滲む
アイビーは基本的に定着しない。
複数の拠点を持ち、必要に応じて移動する。
以前、確かにカナデはそう聞いた。
他ならぬアイビー本人の口から。
「ん」
「……ああ」
気付いたら既にこうだった。
自分から招いた夜以来、アイビーは少しずつカナデの部屋に居座りがちになった。
最初はカナデのほんの少しだけサイズが大きい部屋着を着ていたアイビー。
歯ブラシひとつとっても携帯用のそれを持ち込んで、痕跡なんて残さなかったアイビー。
淹れてもらったコーヒー片手に、隣に座る銀髪を盗み見る。
買った覚えのない部屋着が洗濯物に混ざるようになったのは、果たして一体いつからだったか。
「……豆の挽き具合間違ってたか?」
「……いや、合ってる」
いつものようにソファの背もたれへ腕を引っ掛け、カナデの背後に手を回すアイビー。
基本的には触れはしない。
が、たまに襟足のマゼンダを指先で掬って遊ぶ癖が増えた。
コーヒーを啜り、スマートフォンを手慰みに弄る。
そういえば、アイビーがまともに泊まるようになってから食事を摂る日が増えた気がする。

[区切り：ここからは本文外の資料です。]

(* Let $q$ be a prime power and let $n\le m$ and $k\le n$ be positive integers. Let $\alpha_0,\dots,\alpha_{n-1}\in\mathbb F_{q^m}$ be linearly independent over $\mathbb F_q$, and let $\mathcal G$ be the Gabidulin code $$\mathcal G=\{(f(\alpha_0),\dots,f(\alpha_{n-1})) : f(x)=\textstyle\sum_{i} f_i x^{q^i},\ f_i\in\mathbb F_{q^m},\ \deg_q f<k\},$$ which has minimum rank distance $d=n-k+1$. Let $\tau<d$. Then there exists a word $\mathbf r\in\mathbb F_{q^m}^n$ such that the maximum list size $\ell=\ell(m,n,d,\tau)=\max_{\mathbf y\in\mathbb F_{q^m}^n}|\mathcal G\cap\mathcal B_\tau(\mathbf y)|$ satisfies $$\ell\ \ge\ |\mathcal G\cap\mathcal S_\tau(\mathbf r)|\ \ge\ \frac{\binom{n}{n-\tau}_q}{(q^m)^{n-\tau-k}}\ \ge\ q^m\, q^{\tau(m+n)-\tau^2-md},$$ and in the special case $n=m$, $\ell\ge q^n q^{2n\tau-\tau^2-nd}$.
   Context: Fixing a basis of $\mathbb F_{q^m}$ over $\mathbb F_q$, each vector $\mathbf x\in\mathbb F_{q^m}^n$ is identified with an $m\times n$ matrix over $\mathbb F_q$; $\mathrm{rk}(\mathbf x)$ denotes the rank of this matrix, and the rank distance is $d_R(\mathbf x,\mathbf y)=\mathrm{rk}(\mathbf x-\mathbf y)$. $\mathcal B_\tau(\mathbf a)=\{\mathbf x\in\mathbb F_{q^m}^n:\mathrm{rk}(\mathbf x-\mathbf a)\le\tau\}$ and $\mathcal S_\tau(\mathbf a)=\{\mathbf x:\mathrm{rk}(\mathbf x-\mathbf a)=\tau\}$. For a linearized polynomial $f(x)=\sum_i f_i x^{q^i}$, $\deg_q f$ is the largest $i$ with $f_i\neq0$. The Gaussian binomial is $\binom{n}{r}_q=\prod_{i=0}^{r-1}\frac{q^n-q^i}{q^r-q^i}$. *)

theory Defs
  imports Complex_Main "HOL-Computational_Algebra.Primes"
begin

text \<open>The field F_{q^m} is a finite field type 'a with CARD('a) = q^m; its
subfield F_q is the set of roots of x^q - x.  Vectors of F_{q^m}^n are functions
nat => 'a vanishing outside {..<n}.\<close>

definition prime_power :: "nat \<Rightarrow> bool" where
  "prime_power q \<longleftrightarrow> (\<exists>p e. prime p \<and> e \<ge> 1 \<and> q = p ^ e)"

definition Fq :: "nat \<Rightarrow> 'a::field set" where
  "Fq q = {x. x ^ q = x}"

definition words :: "nat \<Rightarrow> (nat \<Rightarrow> 'a::field) set" where
  "words n = {y. \<forall>i\<ge>n. y i = 0}"

definition lin_indep_Fq :: "nat \<Rightarrow> nat set \<Rightarrow> (nat \<Rightarrow> 'a::field) \<Rightarrow> bool" where
  "lin_indep_Fq q I x \<longleftrightarrow>
     (\<forall>c. (\<forall>i\<in>I. c i \<in> Fq q) \<longrightarrow> (\<Sum>i\<in>I. c i * x i) = 0 \<longrightarrow> (\<forall>i\<in>I. c i = 0))"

昔は料理下手もあって食事に興味が湧かず、ゼリー飲料とエナジードリンクと煙草で終いだったカナデの世界。
「……アイビー、お前」
「……あ?」
「……いや、いい」
なんでもない、と締めくくる。
俺の部屋着と同じ匂いの、自分専用を着たアイビー。
飲みかけのコーヒーを置いて煙草を手に取る。
カキン、とジッポの蓋を開ける。
……無言の空間。
火打石が火輪と擦れる音と、それに付随する着火音。
じり、と煙草の葉が焦げる。
……そこで気付いた。
「……アイビー、口開けろ」
「……んだよ、寝惚けてたのか?作家センセ」
「黙って吸ってろ」
吐息で笑うアイビーが、カナデの差し出した煙草を咥える。
雑に並んだ煙草の箱を見ずに取って間違えた。
それだけの話。
改めてカナデは煙草を口に咥える。
再び響く火輪の擦れる音。
一度ではなく、数度続く。
火花だけが虚しく散る。
「……火、貸してやろうか」
強い感情は見えない声。
「……元は俺の火だろ」
ため息混じりにジッポを放る。
煙草を咥えたアイビーが身を寄せる。
カナデも軽く火種に顔を向ける。
触れ合う先端が酸素を得て、薄暗い照明の中で煌々と光る。
深く吸った息を吐くカナデ。
その吐息には紫煙が混ざる。
隣で同様に煙と戯れるアイビーは、立ち上がって棚からオイル缶を放る。
カナデはそれを一瞥してキャッチする。
「どうせまだ起きてんだろ」
声に特別な温度はない。
オイル切れのジッポを手に取ったカナデが、蓋を開けてケースを引き抜く。
オイル缶の注ぎ口を立て裏側からオイルを差す、その手には一切の淀みがない。
「……ん」
「はいよ」
少し上へ腕を掲げて注ぎ口を寝かせたオイル缶を返す。
受け渡しの際にほんの少しだけ互いの指先の温度が掠める。
缶を戻したアイビーが戻ってくる頃には、ジッポは再びテーブルの上へ置かれていた。
色素の薄い目が何気なくそれを見て、すぐ自分のスマートフォンへと吸い込まれる。
真夜中の静寂が二人を包む。
何気なくカナデの目がベッドルームへと向けられる。
今夜もベッドが狭くなりそうだ。
そう、カナデは心の中で独りごちた。